# Feed me!!!!!!!



## TimV (Aug 23, 2010)

During certain times of the year, the Cephalotus (and there's only one species in the whole genus)looks like any other drab swamp plant. It's only found in a small area of Australia. But part of the year it transforms it's leaves into really weird looking traps that lure, kill and digest bugs. You can see the "teeth" that keep things that crawl in from crawling out, and the basin is filled with water and chemicals where the prey is dissolved and the nutrients are absorbed.
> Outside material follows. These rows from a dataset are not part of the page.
lemma chebP_eq_cheb_sum: "chebP (int k) x y = cheb_sum k x y"
proof (cases "k = 0")
  case True
  have "sparse_subsets 0 = {{}}"
    by (auto simp: sparse_subsets_def sparse_def)
  with True show ?thesis
    by (simp add: chebP_def cheb_sum_def barpos_def)
next
  case False
  let ?g = "\<lambda>S. (-1) ^ card S * (\<Prod>i\<in>barpos k S. x i) * (\<Prod>i\<in>S. y i) :: real"
  have "chebP (int k) x y = (\<Sum>m = 0..k div 2. (-1) ^ m *
          (\<Sum>S\<in>ell k m. (\<Prod>i\<in>barpos k S. x i) * (\<Prod>i\<in>S. y i)))"
    using False by (simp add: chebP_def)
  also have "\<dots> = (\<Sum>m = 0..k div 2. \<Sum>S\<in>{S \<in> sparse_subsets k. card S = m}. ?g S)"
    by (simp add: ell_eq_sparse_subsets sum_distrib_left mult.assoc)
  also have "\<dots> = sum ?g (sparse_subsets k)"
    by (rule sum.group[OF finite_sparse_subsets]) (auto dest: sparse_subsets_card_le)
  finally show ?thesis
    by (simp add: cheb_sum_def)
qed

lemma sparse_subsets_Suc_Suc:
  "sparse_subsets (k + 2) = sparse_subsets (k + 1) \<union> insert (k + 1) ` sparse_subsets k"
proof
  show "sparse_subsets (k + 2) \<subseteq> sparse_subsets (k + 1) \<union> insert (k + 1) ` sparse_subsets k"
  proof
    fix S assume "S \<in> sparse_subsets (k + 2)"
    then have S: "S \<subseteq> {1..<k + 2}" "sparse S"
      by (auto simp: sparse_subsets_def)
    show "S \<in> sparse_subsets (k + 1) \<union> insert (k + 1) ` sparse_subsets k"
    proof (cases "k + 1 \<in> S")
      case False
      with S have "S \<in> sparse_subsets (k + 1)"
        by (auto simp: sparse_subsets_def subset_iff less_Suc_eq)
      then show ?thesis by simp
    next
      case True
      have below: "i < k" if "i \<in> S" "i \<noteq> k + 1" for i
      proof -
        have "i < k + 1"
          using S(1) that by auto
        moreover have "i \<noteq> k"
          using S(2) True that(1) unfolding sparse_def by fastforce
        ultimately show ?thesis by simp
      qed
      have "S - {k + 1} \<subseteq> {1..<k}"
      proof
        fix i assume "i \<in> S - {k + 1}"
        then show "i \<in> {1..<k}"
          using S(1) below[of i] by auto
      qed
      with S(2) have "S - {k + 1} \<in> sparse_subsets k"
        by (auto simp: sparse_subsets_def sparse_def)
      moreover have "S = insert (k + 1) (S - {k + 1})"
        using True by auto
      ultimately show ?thesis by blast
    qed
  qed
next
  have "insert (k + 1) S \<in> sparse_subsets (k + 2)" if "S \<in> sparse_subsets k" for S
  proof -
    have "S \<subseteq> {1..<k}" "sparse S"
      using that by (auto simp: sparse_subsets_def)
    then show ?thesis
      by (auto simp: sparse_subsets_def sparse_def subset_iff)
  qed
  then show "sparse_subsets (k + 1) \<union> insert (k + 1) ` sparse_subsets k \<subseteq> sparse_subsets (k + 2)"
    by (auto simp: sparse_subsets_def)
qed

lemma cheb_sum_Suc_Suc:
  "cheb_sum (k + 2) x y = x (k + 2) * cheb_sum (k + 1) x y - y (k + 1) * cheb_sum k x y"
proof -
  let ?g = "\<lambda>k S. (-1) ^ card S * (\<Prod>i\<in>barpos k S. x i) * (\<Prod>i\<in>S. y i) :: real"
  have last_free: "k + 1 \<notin> S" "finite S" if "S \<in> sparse_subsets k" for S
    using that finite_subset[of S "{1..<k}"] by (auto simp: sparse_subsets_def)
  have "cheb_sum (k + 2) x y
      = sum (?g (k + 2)) (sparse_subsets (k + 1)) + sum (?g (k + 2)) (insert (k + 1) ` sparse_subsets k)"
    unfolding cheb_sum_def sparse_subsets_Suc_Suc
    by (rule sum.union_disjoint) (auto simp: finite_sparse_subsets sparse_subsets_def)
  also have "sum (?g (k + 2)) (sparse_subsets (k + 1)) = x (k + 2) * cheb_sum (k + 1) x y"
    unfolding cheb_sum_def sum_distrib_left
  proof (rule sum.cong[OF refl])
    fix S assume "S \<in> sparse_subsets (k + 1)"
    then have "barpos (k + 2) S = insert (k + 2) (barpos (k + 1) S)" "k + 2 \<notin> barpos (k + 1) S"
      by (auto simp: barpos_def sparse_subsets_def)
    then show "?g (k + 2) S = x (k + 2) * ?g (k + 1) S"
      by (simp add: barpos_def)
  qed
  also have "sum (?g (k + 2)) (insert (k + 1) ` sparse_subsets k)
      = sum (?g (k + 2) \<circ> insert (k + 1)) (sparse_subsets k)"
  proof (rule sum.reindex, rule inj_onI)
    fix S T assume S: "S \<in> sparse_subsets k" and T: "T \<in> sparse_subsets k"
      and "insert (k + 1) S = insert (k + 1) T"
    then have "insert (k + 1) S - {k + 1} = insert (k + 1) T - {k + 1}"
      by simp
    then show "S = T"
      using last_free(1)[OF S] last_free(1)[OF T] by simp
  qed
  also have "\<dots> = - y (k + 1) * cheb_sum k x y"
    unfolding cheb_sum_def sum_distrib_left
  proof (rule sum.cong[OF refl])
    fix S assume S: "S \<in> sparse_subsets k"
    then have "barpos (k + 2) (insert (k + 1) S) = barpos k S"
      by (auto simp: barpos_def sparse_subsets_def)
    then show "(?g (k + 2) \<circ> insert (k + 1)) S = - y (k + 1) * ?g k S"
      using last_free[OF S] by simp
  qed
  finally show ?thesis
    by simp
qed

lemma chebP_0 [simp]: "chebP 0 x y = 1"
  by (simp add: chebP_def)

lemma chebP_minus_1 [simp]: "chebP (-1) x y = 0"
  by (simp add: chebP_def)

lemma chebP_rec:
  "chebP (int m + 1) x y = x (m + 1) * chebP (int m) x y - y m * chebP (int m - 1) x y"
proof (cases m)
  case 0
  have "sparse_subsets 1 = {{}}"
    by (auto simp: sparse_subsets_def sparse_def)
  then have "chebP 1 x y = x 1"
    using chebP_eq_cheb_sum[of 1] by (simp add: cheb_sum_def barpos_def)
  with 0 show ?thesis by simp
next
  case (Suc k)
  then show ?thesis
    using cheb_sum_Suc_Suc[of k x y] chebP_eq_cheb_sum[of "k + 2"] chebP_eq_cheb_sum[of "k + 1"]
      chebP_eq_cheb_sum[of k]
    by (simp add: algebra_simps eval_nat_numeral)
qed

lemma chebP_1 [simp]: "chebP 1 x y = x 1"
  using chebP_rec[of 0 x y] by simp

lemma shiftseq_shiftseq [simp]: "shiftseq m (shiftseq k x) = shiftseq (k + m) x"
  by (simp add: shiftseq_def algebra_simps)

lemma shiftseq_0 [simp]: "shiftseq 0 x = x"
  by (simp add: shiftseq_def)

lemma shiftseq_apply: "shiftseq m x j = x (j + m)"
  by (simp add: shiftseq_def)

lemma pmult_shiftseq [simp]: "pmult (shiftseq k a) (shiftseq k c) = shiftseq k (pmult a c)"
  by (simp add: shiftseq_def pmult_def)

lemma pmult_apply [simp]: "pmult a c j = a j * c j"
  by (simp add: pmult_def)

lemma chebP_shift_rec:
  "chebP (int m + 1) x y =
     x 1 * chebP (int m) (shiftseq 1 x) (shiftseq 1 y)
     - y 1 * chebP (int m - 1) (shiftseq 2 x) (shiftseq 2 y)"
proof (induction m rule: induct_nat_012)
  case 0
  then show ?case by simp
next
  case 1
  then show ?case
    using chebP_rec[of 1 x y] by (simp add: numeral_2_eq_2 shiftseq_apply)
next
  case (ge2 m)
  let ?x1 = "shiftseq 1 x" and ?y1 = "shiftseq 1 y" and ?x2 = "shiftseq 2 x" and ?y2 = "shiftseq 2 y"
  have R0: "chebP (int m + 3) x y =
      x (m + 3) * chebP (int m + 2) x y - y (m + 2) * chebP (int m + 1) x y"
    using chebP_rec[of "m + 2" x y] by (simp add: algebra_simps eval_nat_numeral)
  have R1: "chebP (int m + 2) ?x1 ?y1 =
      x (m + 3) * chebP (int m + 1) ?x1 ?y1 - y (m + 2) * chebP (int m) ?x1 ?y1"
    using chebP_rec[of "m + 1" ?x1 ?y1] by (simp add: algebra_simps eval_nat_numeral shiftseq_apply)
  have R2: "chebP (int m + 1) ?x2 ?y2 =
      x (m + 3) * chebP (int m) ?x2 ?y2 - y (m + 2) * chebP (int m - 1) ?x2 ?y2"
    using chebP_rec[of m ?x2 ?y2] by (simp add: algebra_simps eval_nat_numeral shiftseq_apply)
  have IH2: "chebP (int m + 2) x y = x 1 * chebP (int m + 1) ?x1 ?y1 - y 1 * chebP (int m) ?x2 ?y2"
    using ge2.IH(2) by (simp add: algebra_simps)
  have "chebP (int m + 3) x y = x 1 * chebP (int m + 2) ?x1 ?y1 - y 1 * chebP (int m + 1) ?x2 ?y2"
    by (simp only: R0 R1 R2 IH2 ge2.IH(1)) (simp add: algebra_simps)
  then show ?case
    by (simp add: algebra_simps)
qed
These are some of the only carnivorous plants that grow in the shade, and they are hard to keep alive! I started this one from a little clump of tissue culture several years ago, and currently have a half dozen. A couple years ago they all died except one, from something that they just call sudden death syndrome. They've pretty much got to be grown in living sphagnum moss, for some reason.


----------



## py3ak (Aug 23, 2010)

I can see Morticia feeding it now.


----------



## baron (Aug 23, 2010)

Wow, that sure is beautiful and kind of scary looking. You post some great pictures.


----------



## Zenas (Aug 23, 2010)

How many odd plants do you have?


----------



## Laura (Aug 23, 2010)

I can't say I've ever been scared by a plant, til now. That seriously looks like a face with eyes and a big mouth, with some sort of deadly collar around its neck. Wow.


----------



## TimV (Aug 23, 2010)

I just wish it were bigger. Much bigger.

---------- Post added at 04:59 PM ---------- Previous post was at 04:46 PM ----------

PS Laura you imagination is worse than mine. And mine's bad. I see the eyes now, but only since you pointed them out to me. You need help, and soon  But where does than leave me, since I see them now too? Have I judged myself???


----------